SECOND AMENDMENT TO LEASE

        THIS SECOND AMENDMENT TO LEASE (this "Amendment") is made as of the 18th day of November, 2005 (the "Second Amendment Date"), by and between THE REALTY ASSOCIATES FUND VI, L.P., a Delaware limited partnership ("Landlord") and CUBIST PHARMACEUTICALS, INC., a Delaware corporation ("Tenant").

RECITALS:

        WHEREAS, by a lease (the "Original Lease") dated as of January, 2004, California State Teachers' Retirement System ("Calsters") leased to Tenant approximately 15,475 rentable square feet of space, consisting of a portion of the second and fourth floors in the building known as 45-55 Hayden Avenue, Lexington, Massachusetts (the "Building"); and

        WHEREAS, Landlord has succeeded to the interests of Calsters as landlord under the Lease; and

        WHEREAS, the Original Lease has been amended by a First Amendment to Lease between Landlord and Tenant, dated as of September 29, 2005 (the "First Amendment;" the Original Lease, as so amended, being referred to as the "Lease"), pursuant to which the size of the premises demised under the Original Lease was increased to 46,928 rentable square feet (the "Existing Premises"); and

        WHEREAS, Landlord and Tenant now desire to further amend the Lease to, among other things, temporarily expand the size of the Existing Premises by adding thereto approximately 6,150 rentable square feet of space on the second floor of the Building (the "Comet Space"), and to temporarily adjust the rent and certain provisions, and to provide an option for the Tenant to lease the Comet Space for a longer term, all on the terms and conditions set forth below.

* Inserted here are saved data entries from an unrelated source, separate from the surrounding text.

(* For every integer $k \geq 1$, \[ \sum_{j=0}^{k} \binom{k}{j}\, \zeta(j-2k) \;=\; \frac{(-1)^k}{2\,(2k+1)\binom{2k}{k}}, \] where $\zeta$ denotes the Riemann zeta function (analytically continued to the negative integers).
   Context: $\zeta(s)$ is the Riemann zeta function; its values at non-positive integers are those of its meromorphic continuation (e.g. $\zeta(0)=-1/2$, $\zeta(-1)=-1/12$, $\zeta(-2m)=0$ for $m\ge 1$). *)

theory Defs
  imports "HOL-Complex_Analysis.Complex_Analysis"
begin

text \<open>The Riemann zeta function, defined (as in the paper) through its analytic
  continuation: for s \<noteq> 1, zeta s is the value at s of the (unique, by the identity
  theorem) function holomorphic on the complex plane minus {1} which agrees with the
  Dirichlet series sum over n \<ge> 1 of n^(-s) on the half-plane Re s > 1.\<close>

definition riemann_zeta :: "complex \<Rightarrow> complex" where
  "riemann_zeta s =
     (THE z. \<exists>f. f holomorphic_on (- {1}) \<and>
                 (\<forall>w. 1 < Re w \<longrightarrow> f w = (\<Sum>n. (of_nat (Suc n)) powr (- w))) \<and>
                 f s = z)"

end

theory Submission
  imports Defs "HOL-Computational_Algebra.Polynomial"
begin

text \<open>
  Write \<open>\<zeta>(s) = 1 + zeta_tail s\<close> with \<open>zeta_tail s = \<Sum>n\<ge>2. n powr -s\<close>. Expanding
  \<open>(n - 1) powr (1 - s) - n powr (1 - s)\<close> by the binomial series and summing over \<open>n\<close>
  telescopes to the identity \<open>(s - 1) zeta_tail s = 1 + \<Sum>m. q\<^sub>m(s) (s + m) zeta_tail (s + m + 1)\<close>
  for \<open>Re s > 1\<close>, with polynomials \<open>q\<^sub>m\<close>. Its right-hand side only involves values further
  to the right, so it continues \<open>G(s) = (s - 1)(\<zeta>(s) - 1)\<close> one half-plane at a time to an
  entire function. At \<open>s = -M\<close> only finitely many \<open>q\<^sub>m\<close> are nonzero, and the identity
  becomes the recurrence
  \<open>\<Sum>i\<le>M. (-1)^i (M+1 choose i) \<zeta>(-i) = -1/(M+2)\<close>.

  Let \<open>L\<close> be the linear functional on polynomials sending \<open>x^i\<close> to \<open>\<zeta>(-i)\<close>. The recurrence
  says \<open>L(p(x - 1)) - L(p) = p(0) - \<integral>\<^sub>-\<^sub>1\<^sup>0 p\<close>, and since it determines \<open>L\<close> uniquely it
  also forces \<open>L(p(-x)) = -L(p) - p(0)\<close>. The polynomial \<open>P = x^k (x + 1)^k\<close> satisfies
  \<open>P(x - 1) = P(-x)\<close> and \<open>P(0) = 0\<close>, hence \<open>L(P) = \<integral>\<^sub>-\<^sub>1\<^sup>0 P / 2\<close>, a Beta integral;
  and \<open>L(P)\<close> is the left-hand side of the theorem.
\<close>

section \<open>Series estimates\<close>

lemma holomorphic_on_suminf_dominated:
  fixes f :: "nat \<Rightarrow> complex \<Rightarrow> complex"
  assumes S: "open S" and hol: "\<And>n. f n holomorphic_on S"
    and dom: "\<And>x. x \<in> S \<Longrightarrow> \<exists>d>0. cball x d \<subseteq> S \<and>
                 (\<exists>M. summable M \<and> (\<forall>\<^sub>F n in sequentially. \<forall>s\<in>cball x d. norm (f n s) \<le> M n))"
  shows "(\<lambda>s. \<Sum>n. f n s) holomorphic_on S"
proof (rule holomorphic_uniform_sequence[OF S])
  show "(\<lambda>s. \<Sum>n<k. f n s) holomorphic_on S" for k
    by (intro holomorphic_on_sum hol)
  show "\<exists>d>0. cball x d \<subseteq> S \<and> uniform_limit (cball x d) (\<lambda>k s. \<Sum>n<k. f n s) (\<lambda>s. \<Sum>n. f n s) sequentially"
    if x: "x \<in> S" for x
  proof -
    obtain d M where "0 < d" "cball x d \<subseteq> S" "summable M"
      "\<forall>\<^sub>F n in sequentially. \<forall>s\<in>cball x d. norm (f n s) \<le> M n"
      using dom[OF x] by blast
    then show ?thesis using Weierstrass_m_test_ev by blast
  qed
qed

lemma summable_on_Times_dominated:
  fixes g :: "nat \<Rightarrow> nat \<Rightarrow> 'a::banach"
  assumes A: "summable A" "\<And>m. 0 \<le> A m" and B: "summable B" "\<And>n. 0 \<le> B n"
    and dom: "\<And>m n. norm (g m n) \<le> A m * B n"
  shows "(\<lambda>(m, n). g m n) summable_on UNIV \<times> UNIV"
proof -
  have "(\<lambda>(m, n). A m * B n) summable_on UNIV \<times> UNIV"
  proof (rule summable_on_SigmaI[where g = "\<lambda>m. A m * suminf B"])
    show "((\<lambda>n. (\<lambda>(m, n). A m * B n) (m, n)) has_sum A m * suminf B) UNIV" for m
      using has_sum_cmult_right[OF sums_nonneg_imp_has_sum[OF summable_sums[OF B(1)] B(2)]] by simp
    show "(\<lambda>m. A m * suminf B) summable_on UNIV"
      using A by (intro summable_on_cmult_left) (simp add: summable_on_UNIV_nonneg_real_iff)
  qed (simp add: A(2) B(2))
  then have "(\<lambda>x. norm ((\<lambda>(m, n). g m n) x)) summable_on UNIV \<times> UNIV"
    by (rule Infinite_Sum.abs_summable_on_comparison_test') (auto simp: dom)
  then show ?thesis
    by (rule abs_summable_summable)
qed

lemma sums_swap_dominated:
  fixes g :: "nat \<Rightarrow> nat \<Rightarrow> 'a::banach"
  assumes A: "summable A" "\<And>m. 0 \<le> A m" and B: "summable B" "\<And>n. 0 \<le> B n"
    and dom: "\<And>m n. norm (g m n) \<le> A m * B n"
  shows "(\<lambda>m. \<Sum>n. g m n) sums (\<Sum>n. \<Sum>m. g m n)"
proof -
  have infsum_eq_suminf: "(\<Sum>\<^sub>\<infinity>n. f n) = (\<Sum>n. f n)" if "summable (\<lambda>n. norm (f n))"
    for f :: "nat \<Rightarrow> 'a"
    by (rule infsumI, rule norm_summable_imp_has_sum[OF that summable_sums[OF summable_norm_cancel[OF that]]])
  have norm_m: "summable (\<lambda>m. norm (g m n))" for n
    by (rule summable_comparison_test[where g = "\<lambda>m. A m * B n"]) (auto intro!: summable_mult2 A dom)
  have norm_n: "summable (\<lambda>n. norm (g m n))" for m
    by (rule summable_comparison_test[where g = "\<lambda>n. A m * B n"]) (auto intro!: summable_mult B dom)
  have "norm (\<Sum>n. g m n) \<le> A m * suminf B" for m
  proof -
    have "norm (\<Sum>n. g m n) \<le> (\<Sum>n. norm (g m n))"
      by (rule summable_norm[OF norm_n])
    also have "\<dots> \<le> (\<Sum>n. A m * B n)"
      by (intro suminf_le dom norm_n summable_mult B)
    finally show ?thesis by (simp add: suminf_mult B)
  qed
  then have outer_m: "summable (\<lambda>m. norm (\<Sum>n. g m n))"
    by (intro summable_comparison_test[OF _ summable_mult2[OF A(1)]]) auto
  have "norm (\<Sum>m. g m n) \<le> suminf A * B n" for n
  proof -
    have "norm (\<Sum>m. g m n) \<le> (\<Sum>m. norm (g m n))"
      by (rule summable_norm[OF norm_m])
    also have "\<dots> \<le> (\<Sum>m. A m * B n)"
      by (intro suminf_le dom norm_m summable_mult2 A)
    finally show ?thesis by (simp add: suminf_mult2 A)
  qed
  then have outer_n: "summable (\<lambda>n. norm (\<Sum>m. g m n))"
    by (intro summable_comparison_test[OF _ summable_mult[OF B(1)]]) auto
  have "(\<Sum>\<^sub>\<infinity>m. \<Sum>\<^sub>\<infinity>n. g m n) = (\<Sum>\<^sub>\<infinity>n. \<Sum>\<^sub>\<infinity>m. g m n)"
    using summable_on_Times_dominated[OF A B dom] by (rule infsum_swap_banach)
  then have "(\<Sum>m. \<Sum>n. g m n) = (\<Sum>n. \<Sum>m. g m n)"
    by (simp add: infsum_eq_suminf norm_m norm_n outer_m outer_n)
  then show ?thesis
    using summable_sums[OF summable_norm_cancel[OF outer_m]] by simp
qed

lemma summable_norm_gbinomial:
  fixes a z :: "'a :: {real_normed_field, banach}"
  assumes "norm z < 1"
  shows "summable (\<lambda>n. norm (a gchoose n) * norm z ^ n)"
proof -
  have "ereal (norm z) < conv_radius (\<lambda>n. a gchoose n)"
    using assms by (simp add: conv_radius_gchoose one_ereal_def)
  then show ?thesis
    using abs_summable_in_conv_radius by (simp add: norm_mult norm_power)
qed

lemma norm_gbinomial_le:
  fixes a :: "'a :: real_normed_field"
  assumes "norm a \<le> r"
  shows "norm (a gchoose n) \<le> pochhammer r n / fact n"
proof -
  have "norm (a gchoose n) = (\<Prod>i<n. norm (a - of_nat i)) / fact n"
    by (simp add: gbinomial_prod_rev norm_divide prod_norm atLeast0LessThan)
  also have "\<dots> \<le> (\<Prod>i<n. r + of_nat i) / fact n"
  proof (intro divide_right_mono prod_mono conjI)
    show "norm (a - of_nat i) \<le> r + of_nat i" for i
      using norm_triangle_ineq4[of a "of_nat i"] assms by simp
  qed auto
  also have "\<dots> = pochhammer r n / fact n"
    by (simp add: pochhammer_prod atLeast0LessThan)
  finally show ?thesis .
qed

lemma summable_pochhammer_half:
  fixes r :: real
  assumes "0 < r"
  shows "summable (\<lambda>n. pochhammer r (n + k) / fact (n + k) * (1 / 2) ^ (n + k))"
proof -
  have "pochhammer r n / fact n = norm ((- r) gchoose n)" for n
    using assms by (simp add: gbinomial_pochhammer abs_mult pochhammer_nonneg)
  then have "summable (\<lambda>n. pochhammer r n / fact n * (1 / 2) ^ n)"
    using summable_norm_gbinomial[of "1 / 2 :: real" "- r"] by simp
  then show ?thesis
    by (rule iffD2[OF summable_iff_shift[of "\<lambda>n. pochhammer r n / fact n * (1 / 2) ^ n" k]])
qed

lemma norm_of_nat_powr: "norm ((of_nat n :: complex) powr s) = real n powr Re s"
  by (subst norm_powr_real_powr) auto

lemma summable_of_nat_add2_powr: "r < -1 \<Longrightarrow> summable (\<lambda>n. real (n + 2) powr r)"
  using summable_iff_shift[of "\<lambda>n. real n powr r" 2] summable_real_powr_iff by auto

lemma Re_ge_of_mem_cball: "s \<in> cball x d \<Longrightarrow> Re x - d \<le> Re s"
  using complex_Re_le_cmod[of "x - s"] by (simp add: dist_norm)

        NOW, THEREFORE, in consideration of the mutual covenants herein contained, and for other good and valuable consideration, the receipt and sufficiency of which are hereby acknowledged, and intending to be legally bound hereby, Landlord and Tenant hereby agree as follows:

    1.
    Defined Terms.    All of the foregoing recitals are true and correct. Unless otherwise defined herein, all capitalized terms used in this Amendment shall have the meanings ascribed to them in the Lease, the Lease shall be amended to incorporate any additional definitions provided for in this Amendment, and all references in the Lease to the "Lease" or "this Lease" or "herein" or "hereunder" or similar terms or to any section thereof shall mean the Lease, or such section thereof, as amended by this Amendment.

    2.
    Additional Terms and Definitions.    (a) From and after the Effective Date (as defined below) and continuing through 11:59 p.m. on May 31, 2006 (the "Comet Expansion Period"), the

      following terms set forth in "Article 1 Reference Data" of the Lease are hereby amended to have the following meanings:

PREMISES:   The space in the Building, including the entire fourth floor and the space located on the second floor of the 55 Hayden Avenue portion of the Building, as shown on Exhibit A-2 attached hereto and incorporated herein.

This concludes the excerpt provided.